Directions for this task: Could you retype the entries exactly as they are?

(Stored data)
*** Begin section ***
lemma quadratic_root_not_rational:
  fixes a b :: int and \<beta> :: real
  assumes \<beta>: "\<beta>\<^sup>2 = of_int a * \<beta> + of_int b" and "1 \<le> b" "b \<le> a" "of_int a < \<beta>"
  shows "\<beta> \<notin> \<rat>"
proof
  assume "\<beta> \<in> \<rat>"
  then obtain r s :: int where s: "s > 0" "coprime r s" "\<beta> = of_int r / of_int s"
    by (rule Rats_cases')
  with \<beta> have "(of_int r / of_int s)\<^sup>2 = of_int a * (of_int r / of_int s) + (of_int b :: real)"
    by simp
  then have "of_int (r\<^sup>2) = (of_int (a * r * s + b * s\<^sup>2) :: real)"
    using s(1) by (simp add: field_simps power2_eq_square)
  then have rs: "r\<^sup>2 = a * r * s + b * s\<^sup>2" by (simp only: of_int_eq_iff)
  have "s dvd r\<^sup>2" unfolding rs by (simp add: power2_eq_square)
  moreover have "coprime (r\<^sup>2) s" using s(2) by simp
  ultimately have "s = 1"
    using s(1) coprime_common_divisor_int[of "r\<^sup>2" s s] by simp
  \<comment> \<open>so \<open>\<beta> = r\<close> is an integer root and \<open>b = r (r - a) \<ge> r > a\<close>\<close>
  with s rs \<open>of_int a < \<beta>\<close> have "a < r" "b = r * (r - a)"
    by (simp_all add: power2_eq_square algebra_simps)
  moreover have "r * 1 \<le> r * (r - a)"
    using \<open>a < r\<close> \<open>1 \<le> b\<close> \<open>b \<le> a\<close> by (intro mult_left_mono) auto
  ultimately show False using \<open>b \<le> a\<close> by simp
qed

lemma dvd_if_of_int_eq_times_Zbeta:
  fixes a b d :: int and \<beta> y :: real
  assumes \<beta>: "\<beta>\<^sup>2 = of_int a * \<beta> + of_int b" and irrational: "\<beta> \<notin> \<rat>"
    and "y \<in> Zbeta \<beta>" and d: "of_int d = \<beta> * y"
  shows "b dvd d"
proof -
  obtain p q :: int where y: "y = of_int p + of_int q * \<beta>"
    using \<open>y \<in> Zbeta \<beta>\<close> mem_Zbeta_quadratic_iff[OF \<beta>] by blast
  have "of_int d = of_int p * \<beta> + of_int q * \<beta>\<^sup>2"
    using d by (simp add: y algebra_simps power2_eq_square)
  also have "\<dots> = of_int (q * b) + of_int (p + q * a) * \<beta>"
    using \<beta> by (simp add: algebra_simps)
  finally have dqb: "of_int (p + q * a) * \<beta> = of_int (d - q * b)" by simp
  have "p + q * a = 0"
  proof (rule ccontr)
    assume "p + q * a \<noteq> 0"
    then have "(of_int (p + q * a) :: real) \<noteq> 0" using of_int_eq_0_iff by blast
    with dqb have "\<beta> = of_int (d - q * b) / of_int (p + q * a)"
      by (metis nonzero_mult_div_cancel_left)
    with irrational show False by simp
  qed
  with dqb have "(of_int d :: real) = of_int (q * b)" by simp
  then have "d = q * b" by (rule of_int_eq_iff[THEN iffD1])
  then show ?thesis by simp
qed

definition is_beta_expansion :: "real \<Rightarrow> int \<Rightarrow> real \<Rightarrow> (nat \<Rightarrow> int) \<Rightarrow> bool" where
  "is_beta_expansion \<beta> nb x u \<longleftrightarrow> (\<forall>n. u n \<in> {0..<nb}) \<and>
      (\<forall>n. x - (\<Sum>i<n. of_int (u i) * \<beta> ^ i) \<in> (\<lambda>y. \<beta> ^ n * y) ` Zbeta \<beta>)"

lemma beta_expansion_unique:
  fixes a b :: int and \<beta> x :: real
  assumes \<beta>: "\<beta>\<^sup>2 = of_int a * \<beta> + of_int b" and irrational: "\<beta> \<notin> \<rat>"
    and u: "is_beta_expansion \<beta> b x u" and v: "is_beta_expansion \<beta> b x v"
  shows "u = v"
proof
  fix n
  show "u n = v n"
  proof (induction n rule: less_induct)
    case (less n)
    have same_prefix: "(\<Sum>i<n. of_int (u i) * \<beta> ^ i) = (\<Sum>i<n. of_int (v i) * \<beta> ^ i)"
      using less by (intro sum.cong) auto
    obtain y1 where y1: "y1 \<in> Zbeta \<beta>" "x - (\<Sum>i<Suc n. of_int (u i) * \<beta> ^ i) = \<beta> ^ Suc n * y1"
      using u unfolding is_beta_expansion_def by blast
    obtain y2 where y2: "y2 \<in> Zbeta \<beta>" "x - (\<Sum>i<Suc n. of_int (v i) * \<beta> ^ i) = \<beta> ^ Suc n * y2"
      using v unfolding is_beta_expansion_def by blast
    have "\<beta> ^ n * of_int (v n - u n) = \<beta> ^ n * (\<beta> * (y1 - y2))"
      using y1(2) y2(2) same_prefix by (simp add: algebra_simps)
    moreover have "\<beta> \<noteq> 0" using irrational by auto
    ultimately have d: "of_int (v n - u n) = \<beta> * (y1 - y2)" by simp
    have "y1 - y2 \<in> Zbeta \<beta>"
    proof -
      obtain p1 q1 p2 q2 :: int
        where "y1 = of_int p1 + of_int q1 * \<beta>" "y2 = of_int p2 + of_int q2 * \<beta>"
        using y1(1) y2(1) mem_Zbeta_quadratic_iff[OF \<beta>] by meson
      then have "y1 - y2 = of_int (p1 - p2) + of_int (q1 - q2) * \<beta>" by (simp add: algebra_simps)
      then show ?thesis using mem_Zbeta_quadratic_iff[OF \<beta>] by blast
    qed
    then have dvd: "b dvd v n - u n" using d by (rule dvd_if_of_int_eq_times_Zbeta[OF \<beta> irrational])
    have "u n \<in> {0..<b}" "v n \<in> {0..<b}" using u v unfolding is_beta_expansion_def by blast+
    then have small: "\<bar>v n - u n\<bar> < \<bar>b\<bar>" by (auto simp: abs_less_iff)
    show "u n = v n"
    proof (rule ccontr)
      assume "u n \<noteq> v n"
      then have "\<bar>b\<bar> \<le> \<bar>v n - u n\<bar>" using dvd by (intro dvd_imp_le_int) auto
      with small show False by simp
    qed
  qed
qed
*** End section ***
Expected answer:
lemma quadratic_root_not_rational:
  fixes a b :: int and \<beta> :: real
  assumes \<beta>: "\<beta>\<^sup>2 = of_int a * \<beta> + of_int b" and "1 \<le> b" "b \<le> a" "of_int a < \<beta>"
  shows "\<beta> \<notin> \<rat>"
proof
  assume "\<beta> \<in> \<rat>"
  then obtain r s :: int where s: "s > 0" "coprime r s" "\<beta> = of_int r / of_int s"
    by (rule Rats_cases')
  with \<beta> have "(of_int r / of_int s)\<^sup>2 = of_int a * (of_int r / of_int s) + (of_int b :: real)"
    by simp
  then have "of_int (r\<^sup>2) = (of_int (a * r * s + b * s\<^sup>2) :: real)"
    using s(1) by (simp add: field_simps power2_eq_square)
  then have rs: "r\<^sup>2 = a * r * s + b * s\<^sup>2" by (simp only: of_int_eq_iff)
  have "s dvd r\<^sup>2" unfolding rs by (simp add: power2_eq_square)
  moreover have "coprime (r\<^sup>2) s" using s(2) by simp
  ultimately have "s = 1"
    using s(1) coprime_common_divisor_int[of "r\<^sup>2" s s] by simp
  \<comment> \<open>so \<open>\<beta> = r\<close> is an integer root and \<open>b = r (r - a) \<ge> r > a\<close>\<close>
  with s rs \<open>of_int a < \<beta>\<close> have "a < r" "b = r * (r - a)"
    by (simp_all add: power2_eq_square algebra_simps)
  moreover have "r * 1 \<le> r * (r - a)"
    using \<open>a < r\<close> \<open>1 \<le> b\<close> \<open>b \<le> a\<close> by (intro mult_left_mono) auto
  ultimately show False using \<open>b \<le> a\<close> by simp
qed

lemma dvd_if_of_int_eq_times_Zbeta:
  fixes a b d :: int and \<beta> y :: real
  assumes \<beta>: "\<beta>\<^sup>2 = of_int a * \<beta> + of_int b" and irrational: "\<beta> \<notin> \<rat>"
    and "y \<in> Zbeta \<beta>" and d: "of_int d = \<beta> * y"
  shows "b dvd d"
proof -
  obtain p q :: int where y: "y = of_int p + of_int q * \<beta>"
    using \<open>y \<in> Zbeta \<beta>\<close> mem_Zbeta_quadratic_iff[OF \<beta>] by blast
  have "of_int d = of_int p * \<beta> + of_int q * \<beta>\<^sup>2"
    using d by (simp add: y algebra_simps power2_eq_square)
  also have "\<dots> = of_int (q * b) + of_int (p + q * a) * \<beta>"
    using \<beta> by (simp add: algebra_simps)
  finally have dqb: "of_int (p + q * a) * \<beta> = of_int (d - q * b)" by simp
  have "p + q * a = 0"
  proof (rule ccontr)
    assume "p + q * a \<noteq> 0"
    then have "(of_int (p + q * a) :: real) \<noteq> 0" using of_int_eq_0_iff by blast
    with dqb have "\<beta> = of_int (d - q * b) / of_int (p + q * a)"
      by (metis nonzero_mult_div_cancel_left)
    with irrational show False by simp
  qed
  with dqb have "(of_int d :: real) = of_int (q * b)" by simp
  then have "d = q * b" by (rule of_int_eq_iff[THEN iffD1])
  then show ?thesis by simp
qed

definition is_beta_expansion :: "real \<Rightarrow> int \<Rightarrow> real \<Rightarrow> (nat \<Rightarrow> int) \<Rightarrow> bool" where
  "is_beta_expansion \<beta> nb x u \<longleftrightarrow> (\<forall>n. u n \<in> {0..<nb}) \<and>
      (\<forall>n. x - (\<Sum>i<n. of_int (u i) * \<beta> ^ i) \<in> (\<lambda>y. \<beta> ^ n * y) ` Zbeta \<beta>)"

lemma beta_expansion_unique:
  fixes a b :: int and \<beta> x :: real
  assumes \<beta>: "\<beta>\<^sup>2 = of_int a * \<beta> + of_int b" and irrational: "\<beta> \<notin> \<rat>"
    and u: "is_beta_expansion \<beta> b x u" and v: "is_beta_expansion \<beta> b x v"
  shows "u = v"
proof
  fix n
  show "u n = v n"
  proof (induction n rule: less_induct)
    case (less n)
    have same_prefix: "(\<Sum>i<n. of_int (u i) * \<beta> ^ i) = (\<Sum>i<n. of_int (v i) * \<beta> ^ i)"
      using less by (intro sum.cong) auto
    obtain y1 where y1: "y1 \<in> Zbeta \<beta>" "x - (\<Sum>i<Suc n. of_int (u i) * \<beta> ^ i) = \<beta> ^ Suc n * y1"
      using u unfolding is_beta_expansion_def by blast
    obtain y2 where y2: "y2 \<in> Zbeta \<beta>" "x - (\<Sum>i<Suc n. of_int (v i) * \<beta> ^ i) = \<beta> ^ Suc n * y2"
      using v unfolding is_beta_expansion_def by blast
    have "\<beta> ^ n * of_int (v n - u n) = \<beta> ^ n * (\<beta> * (y1 - y2))"
      using y1(2) y2(2) same_prefix by (simp add: algebra_simps)
    moreover have "\<beta> \<noteq> 0" using irrational by auto
    ultimately have d: "of_int (v n - u n) = \<beta> * (y1 - y2)" by simp
    have "y1 - y2 \<in> Zbeta \<beta>"
    proof -
      obtain p1 q1 p2 q2 :: int
        where "y1 = of_int p1 + of_int q1 * \<beta>" "y2 = of_int p2 + of_int q2 * \<beta>"
        using y1(1) y2(1) mem_Zbeta_quadratic_iff[OF \<beta>] by meson
      then have "y1 - y2 = of_int (p1 - p2) + of_int (q1 - q2) * \<beta>" by (simp add: algebra_simps)
      then show ?thesis using mem_Zbeta_quadratic_iff[OF \<beta>] by blast
    qed
    then have dvd: "b dvd v n - u n" using d by (rule dvd_if_of_int_eq_times_Zbeta[OF \<beta> irrational])
    have "u n \<in> {0..<b}" "v n \<in> {0..<b}" using u v unfolding is_beta_expansion_def by blast+
    then have small: "\<bar>v n - u n\<bar> < \<bar>b\<bar>" by (auto simp: abs_less_iff)
    show "u n = v n"
    proof (rule ccontr)
      assume "u n \<noteq> v n"
      then have "\<bar>b\<bar> \<le> \<bar>v n - u n\<bar>" using dvd by (intro dvd_imp_le_int) auto
      with small show False by simp
    qed
  qed
qed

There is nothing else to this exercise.